lemma finite_rho_signed_Gamma: "finite (rho_signed V E ` Gamma V E)"
proof (rule finite_subset)
  show "rho_signed V E ` Gamma V E \<subseteq> rho_signed V E ` (PiE E (\<lambda>_. {-1, 1}))"
  proof
    fix r assume "r \<in> rho_signed V E ` Gamma V E"
    then obtain \<pi> where \<pi>: "\<pi> \<in> Gamma V E" "r = rho_signed V E \<pi>" by auto
    have "restrict \<pi> E \<in> PiE E (\<lambda>_. {-1, 1})" using \<pi> unfolding Gamma_def signing_def by auto
    moreover have "r = rho_signed V E (restrict \<pi> E)"
      using \<pi> unfolding rho_signed_eq_signed_adj_fun by (simp add: signed_adj_fun_restrict[symmetric])
    ultimately show "r \<in> rho_signed V E ` (PiE E (\<lambda>_. {-1, 1}))" by auto
  qed
  show "finite (rho_signed V E ` (PiE E (\<lambda>_. {-1, 1})))"
    using finite_edges by (intro finite_imageI finite_PiE) auto
qed

lemma rho_Gamma_lt_rho_E:
  assumes "Gamma V E \<noteq> {}"
  shows "rho_Gamma V E < rho_E V E"
proof -
  let ?n = "card V"
  have "rho_Gamma V E \<in> rho_signed V E ` Gamma V E"
    unfolding rho_Gamma_def using finite_rho_signed_Gamma assms by (intro Max_in) auto
  then obtain \<pi> where \<pi>: "\<pi> \<in> Gamma V E" "rho_Gamma V E = rho_signed V E \<pi>" by auto
  define B where "B = signed_adj_fun V E \<pi>"
  have absB: "(\<lambda>i j. \<bar>B i j\<bar>) = adj_fun V E"
    using \<pi> unfolding B_def Gamma_def by (simp add: abs_signed_adj_fun)
  have lt: "spectral_radius (cmat ?n B) < spectral_radius (cmat ?n (\<lambda>i j. \<bar>B i j\<bar>))"
    using \<pi> absB unfolding Gamma_def rho_signed_eq_signed_adj_fun rho_eq_adj_fun B_def by simp
  have SB: "symm ?n B" unfolding B_def by (rule signed_adj_fun_symm)
  have dgB: "\<forall>i<?n. B i i = 0" unfolding B_def using signed_adj_fun_diag[OF simple] by simp
  have cnB: "connected_support ?n (\<lambda>i j. \<bar>B i j\<bar>)" unfolding absB by (rule adj_fun_connected)
  have n0: "?n > 0" using two_vertices by simp
  obtain p q where
    pq: "p < ?n" "q < ?n" "B p q \<noteq> 0"
      "spectral_radius (cmat ?n B) < spectral_radius (cmat ?n (del_entry (adj_fun V E) p q))"
    using signed_radius_lt_del_entry_radius[OF SB dgB cnB n0 lt] unfolding absB by blast
  have "adj_fun V E p q \<noteq> 0" using pq(3) absB by (metis abs_0_eq)
  with pq del_edge_radius_le_rho_E have "spectral_radius (cmat ?n B) < rho_E V E"
    by fastforce
  thus ?thesis using \<pi> unfolding rho_signed_eq_signed_adj_fun B_def by simp
qed

end

theorem mainTheorem3:
  fixes V :: "'a::linorder set" and E :: "'a set set"
  assumes "simple_graph V E" and "connected_graph V E" and "card V \<ge> 2"
  shows "(lambda V E 2 < rho_V V E \<and> rho_V V E \<le> rho_E V E)
       \<and> (\<not> bipartite_graph V E \<longrightarrow> - lambda V E (card V) < rho_E V E)
       \<and> (Gamma V E \<noteq> {} \<longrightarrow> rho_Gamma V E < rho_E V E)"
proof -
  interpret connected_simple_graph V E using assms by unfold_locales
  show ?thesis using lambda2_lt_rho_V rho_V_le_rho_E neg_lambda_min_lt_rho_E rho_Gamma_lt_rho_E by blast
qed

end
(* Let $G$ be a simple connected graph and let $v$ be an eigenvector of $\mathcal M$ with $\mathcal Mv=\mu v$, $\mu>0$, $\|v\|_2=1$. Let $S=\{i: v_i\ge0\}$. If $$\mu>\frac{(\mathrm{vol}\, S)^2+(\mathrm{vol}\, \bar S)^2}{\mathrm{vol}\, V}\,\max_{i\in V}\frac{v_i^2}{d_i},$$ then $Q(S)>0$.
   Context: $G=(V,E)$ is a finite, undirected, unweighted, simple connected graph with adjacency matrix $A$, degrees $d_i$, $D=\mathrm{Diag}(d_i)$, $\delta=(\sqrt{d_i})_i$, $\mathrm{vol}\, S=\sum_{i\in S}d_i$, $\bar S=V\setminus S$, $\mathbb 1_S$ the characteristic vector of $S$. $\mathcal M=D^{-1/2}AD^{-1/2}-\frac{1}{\mathrm{vol}\, V}\delta\delta^{\mathsf T}$. The modularity of $S$ is $Q(S)=\mathbb 1_S^{\mathsf T}A\mathbb 1_S-(\mathrm{vol}\, S)^2/\mathrm{vol}\, V$. *)

theory Defs
  imports Main "HOL-Library.Extended_Nat" Complex_Main
begin

definition simple_graph :: "'a set \<Rightarrow> ('a \<Rightarrow> 'a \<Rightarrow> bool) \<Rightarrow> bool" where
  "simple_graph V E \<longleftrightarrow> finite V \<and> V \<noteq> {} \<and>
     (\<forall>x y. E x y \<longrightarrow> x \<in> V \<and> y \<in> V) \<and>
     (\<forall>x y. E x y \<longrightarrow> E y x) \<and> (\<forall>x. \<not> E x x)"

definition connected_graph :: "'a set \<Rightarrow> ('a \<Rightarrow> 'a \<Rightarrow> bool) \<Rightarrow> bool" where
  "connected_graph V E \<longleftrightarrow> simple_graph V E \<and> (\<forall>x\<in>V. \<forall>y\<in>V. E\<^sup>*\<^sup>* x y)"

definition adj :: "('a \<Rightarrow> 'a \<Rightarrow> bool) \<Rightarrow> 'a \<Rightarrow> 'a \<Rightarrow> real" where
  "adj E i j = (if E i j then 1 else 0)"

definition deg :: "'a set \<Rightarrow> ('a \<Rightarrow> 'a \<Rightarrow> bool) \<Rightarrow> 'a \<Rightarrow> real" where
  "deg V E i = (\<Sum>j\<in>V. adj E i j)"

definition vol :: "'a set \<Rightarrow> ('a \<Rightarrow> 'a \<Rightarrow> bool) \<Rightarrow> 'a set \<Rightarrow> real" where
  "vol V E S = (\<Sum>i\<in>S. deg V E i)"

text \<open>The matrix M = D^{-1/2} A D^{-1/2} - (1 / vol V) delta delta^T, delta_i = sqrt d_i.\<close>
definition modmat :: "'a set \<Rightarrow> ('a \<Rightarrow> 'a \<Rightarrow> bool) \<Rightarrow> 'a \<Rightarrow> 'a \<Rightarrow> real" where
  "modmat V E i j = adj E i j / (sqrt (deg V E i) * sqrt (deg V E j))
      - sqrt (deg V E i) * sqrt (deg V E j) / vol V E V"

definition modularity :: "'a set \<Rightarrow> ('a \<Rightarrow> 'a \<Rightarrow> bool) \<Rightarrow> 'a set \<Rightarrow> real" where
  "modularity V E S = (\<Sum>i\<in>S. \<Sum>j\<in>S. adj E i j) - (vol V E S)^2 / vol V E V"

end

theory Submission
  imports Defs
begin

text \<open>Since \<open>\<delta>\<close> is a null vector of the symmetric matrix \<open>\<M>\<close>, an eigenvector with
  \<open>\<mu> > 0\<close> is orthogonal to \<open>\<delta>\<close> and hence an eigenvector of the normalized adjacency
  matrix \<open>D^(-1/2) A D^(-1/2)\<close>. Multiplying its eigen-equation at \<open>i\<close> by \<open>v i\<close> and
  summing over \<open>i \<in> S\<close>, the terms across the cut are \<open>\<le> 0\<close> and each term inside \<open>S\<close>
  is at most \<open>m = max v\<^sub>i\<^sup>2/d\<^sub>i\<close> per edge; so \<open>\<mu> \<Sum>\<^sub>S v\<^sub>i\<^sup>2 \<le> m e(S)\<close> with
  \<open>e(S) = 1\<^sub>S\<^sup>T A 1\<^sub>S\<close>, and likewise for the complement. Adding gives \<open>\<mu> \<le> m (e(S) + e(S\<^sup>c))\<close>.
  On the other hand \<open>Q(S) = Q(S\<^sup>c)\<close>, so \<open>2 Q(S) = e(S) + e(S\<^sup>c) - ((vol S)\<^sup>2 + (vol S\<^sup>c)\<^sup>2)/vol V\<close>,
  which is positive by the hypothesis on \<open>\<mu>\<close>.\<close>

definition norm_adj :: "'a set \<Rightarrow> ('a \<Rightarrow> 'a \<Rightarrow> bool) \<Rightarrow> 'a \<Rightarrow> 'a \<Rightarrow> real" where
  "norm_adj V E i j = adj E i j / (sqrt (deg V E i) * sqrt (deg V E j))"

lemma adj_nonneg: "adj E i j \<ge> 0"
  by (simp add: adj_def)

lemma adj_sym: "simple_graph V E \<Longrightarrow> adj E i j = adj E j i"
  unfolding adj_def simple_graph_def by metis

lemma deg_nonneg: "deg V E i \<ge> 0"
  unfolding deg_def by (simp add: sum_nonneg adj_nonneg)

lemma deg_ge_1:
  assumes "simple_graph V E" "E i j"
  shows "deg V E i \<ge> 1"
proof -
  have "j \<in> V" "finite V" using assms unfolding simple_graph_def by auto
  then have "adj E i j \<le> deg V E i"
    unfolding deg_def by (intro member_le_sum) (auto simp: adj_nonneg)
  then show ?thesis using assms(2) by (simp add: adj_def)
qed

lemma vol_nonneg: "vol V E S \<ge> 0"
  unfolding vol_def by (simp add: sum_nonneg deg_nonneg)

lemma norm_adj_nonneg: "norm_adj V E i j \<ge> 0"
  unfolding norm_adj_def by (simp add: adj_nonneg deg_nonneg)

lemma modmat_eq_norm_adj:
  "modmat V E i j = norm_adj V E i j - sqrt (deg V E i) * sqrt (deg V E j) / vol V E V"
  unfolding modmat_def norm_adj_def ..

lemma modmat_sym: "simple_graph V E \<Longrightarrow> modmat V E i j = modmat V E j i"
  unfolding modmat_def using adj_sym[of V E i j] by (simp add: mult.commute)

lemma norm_adj_mult_sqrt_deg:
  assumes "simple_graph V E"
  shows "norm_adj V E j i * sqrt (deg V E i) = adj E j i / sqrt (deg V E j)"
proof (cases "E j i")
  case True
  then have "deg V E i \<ge> 1" "deg V E j \<ge> 1"
    using assms deg_ge_1 unfolding simple_graph_def by metis+
  then show ?thesis unfolding norm_adj_def by (simp add: field_simps)
qed (simp add: norm_adj_def adj_def)

lemma modmat_sqrt_deg_null:
  assumes g: "simple_graph V E" and j: "j \<in> V"
  shows "(\<Sum>i\<in>V. modmat V E j i * sqrt (deg V E i)) = 0"
proof -
  have sq: "sqrt (deg V E i) * sqrt (deg V E i) = deg V E i" for i
    using deg_nonneg[of V E i] by simp
  have "(\<Sum>i\<in>V. modmat V E j i * sqrt (deg V E i))
      = (\<Sum>i\<in>V. adj E j i / sqrt (deg V E j) - sqrt (deg V E j) * deg V E i / vol V E V)"
    unfolding modmat_eq_norm_adj left_diff_distrib norm_adj_mult_sqrt_deg[OF g]
    by (simp add: sq mult.assoc deg_nonneg)
  also have "\<dots> = deg V E j / sqrt (deg V E j) - sqrt (deg V E j) * vol V E V / vol V E V"
    by (simp add: sum_subtractf sum_divide_distrib sum_distrib_left deg_def vol_def)
  also have "\<dots> = 0"
  proof (cases "deg V E j = 0")
    case False
    have "deg V E j \<le> vol V E V"
      unfolding vol_def using g j
      by (intro member_le_sum) (auto simp: deg_nonneg simple_graph_def)
    then have "vol V E V \<noteq> 0" using False deg_nonneg[of V E j] by linarith
    then show ?thesis using real_div_sqrt[OF deg_nonneg[of V E j]] by simp
  qed simp
  finally show ?thesis .
qed

lemma modmat_eigenvector_orthogonal_sqrt_deg:
  assumes g: "simple_graph V E"
    and eig: "\<forall>i\<in>V. (\<Sum>j\<in>V. modmat V E i j * v j) = \<mu> * v i"
    and "\<mu> \<noteq> 0"
  shows "(\<Sum>i\<in>V. sqrt (deg V E i) * v i) = 0"
proof -
  have "\<mu> * (\<Sum>i\<in>V. sqrt (deg V E i) * v i)
      = (\<Sum>i\<in>V. sqrt (deg V E i) * (\<Sum>j\<in>V. modmat V E i j * v j))"
    using eig by (simp add: sum_distrib_left algebra_simps)
  also have "\<dots> = (\<Sum>i\<in>V. \<Sum>j\<in>V. sqrt (deg V E i) * modmat V E i j * v j)"
    by (simp add: sum_distrib_left mult.assoc)
  also have "\<dots> = (\<Sum>j\<in>V. v j * (\<Sum>i\<in>V. modmat V E j i * sqrt (deg V E i)))"
    by (subst sum.swap) (simp add: modmat_sym[OF g] sum_distrib_left algebra_simps)
  also have "\<dots> = 0" using modmat_sqrt_deg_null[OF g] by simp
  finally show ?thesis using \<open>\<mu> \<noteq> 0\<close> by simp
qed

lemma modmat_eigenvector_norm_adj:
  assumes g: "simple_graph V E"
    and eig: "\<forall>i\<in>V. (\<Sum>j\<in>V. modmat V E i j * v j) = \<mu> * v i"
    and "\<mu> \<noteq> 0"
  shows "\<forall>i\<in>V. (\<Sum>j\<in>V. norm_adj V E i j * v j) = \<mu> * v i"
proof
  fix i assume "i \<in> V"
  have "(\<Sum>j\<in>V. modmat V E i j * v j)
      = (\<Sum>j\<in>V. norm_adj V E i j * v j)
        - sqrt (deg V E i) / vol V E V * (\<Sum>j\<in>V. sqrt (deg V E j) * v j)"
    unfolding modmat_eq_norm_adj by (simp add: sum_subtractf sum_distrib_left algebra_simps)
  then show "(\<Sum>j\<in>V. norm_adj V E i j * v j) = \<mu> * v i"
    using eig \<open>i \<in> V\<close> modmat_eigenvector_orthogonal_sqrt_deg[OF assms] by simp
qed

lemma norm_adj_term_le:
  assumes i: "(v i)^2 / deg V E i \<le> m" and j: "(v j)^2 / deg V E j \<le> m"
  shows "norm_adj V E i j * v i * v j \<le> m * adj E i j"
proof (cases "E i j")
  case True
  have m: "m \<ge> 0" using i deg_nonneg[of V E i] by (meson divide_nonneg_nonneg order_trans zero_le_power2)
  have root: "\<bar>v k\<bar> / sqrt (deg V E k) \<le> sqrt m" if "(v k)^2 / deg V E k \<le> m" for k
    using real_sqrt_le_mono[OF that] by (simp add: real_sqrt_divide)
  have "v i * v j / (sqrt (deg V E i) * sqrt (deg V E j))
      \<le> (\<bar>v i\<bar> / sqrt (deg V E i)) * (\<bar>v j\<bar> / sqrt (deg V E j))"
    by (simp add: abs_mult[symmetric] divide_right_mono deg_nonneg)
  also have "\<dots> \<le> sqrt m * sqrt m"
    using root[OF i] root[OF j] m by (intro mult_mono) (auto simp: deg_nonneg)
  finally show ?thesis using True m by (simp add: norm_adj_def adj_def)
qed (simp add: norm_adj_def adj_def)

lemma norm_adj_eigen_part_le:
  assumes eig: "\<forall>i\<in>V. (\<Sum>j\<in>V. norm_adj V E i j * v j) = \<mu> * v i"
    and fin: "finite V" and P: "P \<subseteq> V"
    and sign: "\<forall>i\<in>P. \<forall>j\<in>V - P. v i * v j \<le> 0"
    and m: "\<forall>k\<in>V. (v k)^2 / deg V E k \<le> m"
  shows "\<mu> * (\<Sum>i\<in>P. (v i)^2) \<le> m * (\<Sum>i\<in>P. \<Sum>j\<in>P. adj E i j)"
proof -
  let ?t = "\<lambda>i j. norm_adj V E i j * v i * v j"
  have row: "\<mu> * (v i)^2 = (\<Sum>j\<in>V. ?t i j)" if "i \<in> V" for i
  proof -
    have "\<mu> * (v i)^2 = v i * (\<Sum>j\<in>V. norm_adj V E i j * v j)"
      using eig that by (simp add: power2_eq_square)
    then show ?thesis by (simp add: sum_distrib_left algebra_simps)
  qed
  have "\<mu> * (\<Sum>i\<in>P. (v i)^2) = (\<Sum>i\<in>P. \<Sum>j\<in>V. ?t i j)"
    using row P by (auto simp: sum_distrib_left intro!: sum.cong)
  also have "\<dots> = (\<Sum>i\<in>P. (\<Sum>j\<in>P. ?t i j) + (\<Sum>j\<in>V - P. ?t i j))"
    unfolding sum.subset_diff[OF P fin] by (simp add: add.commute)
  also have "\<dots> \<le> (\<Sum>i\<in>P. \<Sum>j\<in>P. ?t i j)"
  proof (intro sum_mono)
    fix i assume "i \<in> P"
    have "?t i j \<le> 0" if "j \<in> V - P" for j
      using sign \<open>i \<in> P\<close> that norm_adj_nonneg[of V E i j]
      by (simp add: mult.assoc mult_nonneg_nonpos)
    then show "(\<Sum>j\<in>P. ?t i j) + (\<Sum>j\<in>V - P. ?t i j) \<le> (\<Sum>j\<in>P. ?t i j)"
      by (auto intro!: sum_nonpos)
  qed
  also have "\<dots> \<le> (\<Sum>i\<in>P. \<Sum>j\<in>P. m * adj E i j)"
    using P m by (intro sum_mono norm_adj_term_le) auto
  finally show ?thesis by (simp add: sum_distrib_left)
qed

lemma vol_eq_internal_plus_cut:
  assumes "finite V" "S \<subseteq> V"
  shows "vol V E S = (\<Sum>i\<in>S. \<Sum>j\<in>S. adj E i j) + (\<Sum>i\<in>S. \<Sum>j\<in>V - S. adj E i j)"
  unfolding vol_def deg_def sum.subset_diff[OF assms(2,1)]
  by (simp add: sum.distrib add.commute)

lemma modularity_compl:
  assumes g: "simple_graph V E" and S: "S \<subseteq> V"
  shows "modularity V E (V - S) = modularity V E S"
proof -
  have fin: "finite V" using g by (simp add: simple_graph_def)
  define c where "c = (\<Sum>i\<in>S. \<Sum>j\<in>V - S. adj E i j)"
  have "(\<Sum>i\<in>V - S. \<Sum>j\<in>V - (V - S). adj E i j) = c"
    unfolding c_def using S by (subst sum.swap) (simp add: double_diff adj_sym[OF g])
  then have x: "vol V E (V - S) = (\<Sum>i\<in>V - S. \<Sum>j\<in>V - S. adj E i j) + c"
    using vol_eq_internal_plus_cut[OF fin, of "V - S" E] by simp
  have y: "vol V E S = (\<Sum>i\<in>S. \<Sum>j\<in>S. adj E i j) + c"
    using vol_eq_internal_plus_cut[OF fin S] by (simp add: c_def)
  have W: "vol V E V = vol V E S + vol V E (V - S)"
    unfolding vol_def sum.subset_diff[OF S fin] by simp
  show ?thesis
  proof (cases "vol V E V = 0")
    case True
    then have "vol V E S = 0" "vol V E (V - S) = 0" using W vol_nonneg by (metis add_nonneg_eq_0_iff)+
    then show ?thesis using x y unfolding modularity_def by simp
  next
    case False
    have "(vol V E S)^2 - (vol V E (V - S))^2 = (vol V E S - vol V E (V - S)) * vol V E V"
      using W by (simp add: power2_eq_square algebra_simps)
    then have "((vol V E S)^2 - (vol V E (V - S))^2) / vol V E V = vol V E S - vol V E (V - S)"
      using False by simp
    then show ?thesis using x y unfolding modularity_def by (simp add: diff_divide_distrib)
  qed
qed

theorem theorem5p1:
  fixes V :: "'a set" and E :: "'a \<Rightarrow> 'a \<Rightarrow> bool" and v :: "'a \<Rightarrow> real" and \<mu> :: real
  assumes "connected_graph V E"
    and "\<forall>i\<in>V. (\<Sum>j\<in>V. modmat V E i j * v j) = \<mu> * v i"
    and "\<mu> > 0"
    and "sqrt (\<Sum>i\<in>V. (v i)^2) = 1"
    and "S = {i\<in>V. v i \<ge> 0}"
    and "\<mu> > ((vol V E S)^2 + (vol V E (V - S))^2) / vol V E V
              * Max ((\<lambda>i. (v i)^2 / deg V E i) ` V)"
  shows "modularity V E S > 0"
proof -
  have g: "simple_graph V E" using assms(1) by (simp add: connected_graph_def)
  have fin: "finite V" using g by (simp add: simple_graph_def)
  have S: "S \<subseteq> V" using assms(5) by auto
  define m where "m = Max ((\<lambda>i. (v i)^2 / deg V E i) ` V)"
  define e where "e = (\<lambda>P. \<Sum>i\<in>P. \<Sum>j\<in>P. adj E i j)"
  define K where "K = ((vol V E S)^2 + (vol V E (V - S))^2) / vol V E V"
  have m: "\<forall>k\<in>V. (v k)^2 / deg V E k \<le> m" using fin by (simp add: m_def)
  have eig: "\<forall>i\<in>V. (\<Sum>j\<in>V. norm_adj V E i j * v j) = \<mu> * v i"
    using modmat_eigenvector_norm_adj[OF g assms(2)] assms(3) by simp
  have "\<forall>i\<in>S. \<forall>j\<in>V - S. v i * v j \<le> 0"
    using assms(5) by (auto simp: mult_nonneg_nonpos)
  then have "\<mu> * (\<Sum>i\<in>S. (v i)^2) \<le> m * e S"
    unfolding e_def using norm_adj_eigen_part_le[OF eig fin S _ m] by blast
  moreover have "\<forall>i\<in>V - S. \<forall>j\<in>V - (V - S). v i * v j \<le> 0"
    using assms(5) by (auto simp: mult_nonpos_nonneg)
  then have "\<mu> * (\<Sum>i\<in>V - S. (v i)^2) \<le> m * e (V - S)"
    unfolding e_def using norm_adj_eigen_part_le[OF eig fin Diff_subset _ m] by blast
  moreover have "(\<Sum>i\<in>S. (v i)^2) + (\<Sum>i\<in>V - S. (v i)^2) = 1"
    using assms(4) sum.subset_diff[OF S fin, of "\<lambda>i. (v i)^2"] by simp
  then have "\<mu> = \<mu> * (\<Sum>i\<in>S. (v i)^2) + \<mu> * (\<Sum>i\<in>V - S. (v i)^2)"
    by (simp flip: distrib_left)
  ultimately have "\<mu> \<le> m * (e S + e (V - S))"
    unfolding distrib_left by linarith
  then have "m * K < m * (e S + e (V - S))"
    using assms(6) unfolding K_def m_def by (simp add: mult.commute)
  moreover have "m \<ge> 0"
    using m g deg_nonneg unfolding simple_graph_def by (meson divide_nonneg_nonneg ex_in_conv order_trans zero_le_power2)
  ultimately have "K < e S + e (V - S)"
    by (rule mult_left_less_imp_less)
  moreover have "2 * modularity V E S = e S + e (V - S) - K"
    using modularity_compl[OF g S] by (simp add: modularity_def e_def K_def add_divide_distrib)
  ultimately show ?thesis by simp
qed

end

• **TASK BRIEF**
A single number is the whole answer: how many lines in the entries hold the word "absB".

• **OUTPUT OF THE TASK**
5